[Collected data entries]
━━━━━━━━━━━━━━━━━━━━━━━━━━━━━━

lemma uniform_one_sided_cylinders:
  assumes "closed P" "closed W" and thin: "pair_step A B P \<inter> W = {}"
  shows "\<exists>n. \<forall>z\<in>P \<inter> W. P \<inter> cylinder n z \<inter> A = {} \<or> P \<inter> cylinder n z \<inter> B = {}"
proof -
  define one_sided where "one_sided c \<longleftrightarrow> P \<inter> c \<inter> A = {} \<or> P \<inter> c \<inter> B = {}" for c
  have "compact (P \<inter> W)"
    using assms(1,2) compact_Int_closed[OF compact_UNIV_cantor] by (simp add: closed_Int)
  moreover have "\<exists>m. one_sided (cylinder m x)" if "x \<in> P \<inter> W" for x
  proof -
    have "x \<notin> pair_step A B P" "x \<in> P"
      using thin that by auto
    then obtain U where U: "open U" "x \<in> U" "one_sided U"
      unfolding mem_pair_step_iff one_sided_def by blast
    then obtain m where "cylinder m x \<subseteq> U"
      using open_imp_cylinder_subset by blast
    then show ?thesis
      using U(3) unfolding one_sided_def by blast
  qed
  moreover have "one_sided c'" if "one_sided c" "c' \<subseteq> c" for c c'
    using that unfolding one_sided_def by blast
  ultimately show ?thesis
    unfolding one_sided_def by (rule compact_uniform_cylinder)
qed

text \<open>If the stage is locally one-sided inside W, finitely many cylinders of one length
  cover it, each one-sided; each is handled by collapsing onto a point of C or of D, and the
  rest of W avoids the stage.\<close>
lemma reduces_within_glue:
  fixes \<nu> :: "'o::wellorder"
  assumes below: "reduces_below A B C D \<nu>"
    and W: "open W" "closed W" and top: "pair_step A B (pair_deriv A B \<nu>) \<inter> W = {}"
    and yC: "y\<^sub>C \<in> pair_deriv C D \<nu>" "y\<^sub>C \<in> C" "y\<^sub>C \<in> V"
    and yD: "y\<^sub>D \<in> pair_deriv C D \<nu>" "y\<^sub>D \<in> D" "y\<^sub>D \<in> V"
    and V: "open V"
  shows "reduces_within W V A B C D"
proof -
  define P where "P = pair_deriv A B \<nu>"
  define K where "K = P \<inter> W"
  obtain n where n: "\<And>z. z \<in> K \<Longrightarrow> P \<inter> cylinder n z \<inter> A = {} \<or> P \<inter> cylinder n z \<inter> B = {}"
    using uniform_one_sided_cylinders[OF closed_opt_deriv W(2) top] unfolding K_def P_def by blast
  define R where "R = W - cylinder_nbhd K n"
  have pieces: "open c \<and> reduces_within c V A B C D" if c: "c \<in> insert R (cylinder n ` K)" for c
  proof -
    consider "c = R" | z where "z \<in> K" "c = cylinder n z"
      using c by blast
    then show ?thesis
    proof cases
      case 1
      have "P \<inter> R = {}"
        using subset_cylinder_nbhd[of K n] by (auto simp: R_def K_def)
      moreover have "open R" "closed R"
        using W open_cylinder_nbhd closed_cylinder_nbhd by (auto simp: R_def)
      ultimately show ?thesis
        unfolding 1 P_def using reduces_belowD[OF below _ _ _ yC(1) V yC(3)] by blast
    next
      case (2 z)
      have oc: "open c" "closed c"
        using open_cylinder closed_cylinder by (simp_all add: 2)
      have "reduces_within c V A B C D"
      proof (cases "P \<inter> c \<inter> A = {}")
        case True
        then show ?thesis
          using reduces_within_collapse[OF below oc yD(1) V yD(3)] yD(2) by (simp add: P_def)
      next
        case False
        then have "P \<inter> c \<inter> B = {}"
          using n[OF \<open>z \<in> K\<close>] by (simp add: 2)
        then show ?thesis
          using reduces_within_collapse[OF below oc yC(1) V yC(3)] yC(2) by (simp add: P_def)
      qed
      with oc show ?thesis by blast
    qed
  qed
  have "pairwise disjnt (cylinder n ` K)"
    by (auto simp: pairwise_def disjnt_def dest: cylinder_eq)
  moreover have "disjnt R (cylinder n z)" if "z \<in> K" for z
    using that by (auto simp: R_def disjnt_def cylinder_nbhd_def)
  ultimately have disjoint: "pairwise disjnt (insert R (cylinder n ` K))"
    by (auto simp: pairwise_insert disjnt_sym)
  have cover: "W \<subseteq> \<Union>(insert R (cylinder n ` K))"
    by (auto simp: R_def cylinder_nbhd_def)
  show ?thesis
    by (rule reduces_within_disjoint_Union[OF pieces[THEN conjunct1] disjoint cover
          pieces[THEN conjunct2]])
qed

━━━━━━━━━━━━━━━━━━━━━━━━━━━━━━

**About this exercise:** Please copy only these lines, exactly: the first line of the records through the line containing "A B (pair_deriv", ends included.

**Answer to this exercise:**
lemma uniform_one_sided_cylinders:
  assumes "closed P" "closed W" and thin: "pair_step A B P \<inter> W = {}"
  shows "\<exists>n. \<forall>z\<in>P \<inter> W. P \<inter> cylinder n z \<inter> A = {} \<or> P \<inter> cylinder n z \<inter> B = {}"
proof -
  define one_sided where "one_sided c \<longleftrightarrow> P \<inter> c \<inter> A = {} \<or> P \<inter> c \<inter> B = {}" for c
  have "compact (P \<inter> W)"
    using assms(1,2) compact_Int_closed[OF compact_UNIV_cantor] by (simp add: closed_Int)
  moreover have "\<exists>m. one_sided (cylinder m x)" if "x \<in> P \<inter> W" for x
  proof -
    have "x \<notin> pair_step A B P" "x \<in> P"
      using thin that by auto
    then obtain U where U: "open U" "x \<in> U" "one_sided U"
      unfolding mem_pair_step_iff one_sided_def by blast
    then obtain m where "cylinder m x \<subseteq> U"
      using open_imp_cylinder_subset by blast
    then show ?thesis
      using U(3) unfolding one_sided_def by blast
  qed
  moreover have "one_sided c'" if "one_sided c" "c' \<subseteq> c" for c c'
    using that unfolding one_sided_def by blast
  ultimately show ?thesis
    unfolding one_sided_def by (rule compact_uniform_cylinder)
qed

text \<open>If the stage is locally one-sided inside W, finitely many cylinders of one length
  cover it, each one-sided; each is handled by collapsing onto a point of C or of D, and the
  rest of W avoids the stage.\<close>
lemma reduces_within_glue:
  fixes \<nu> :: "'o::wellorder"
  assumes below: "reduces_below A B C D \<nu>"
    and W: "open W" "closed W" and top: "pair_step A B (pair_deriv A B \<nu>) \<inter> W = {}"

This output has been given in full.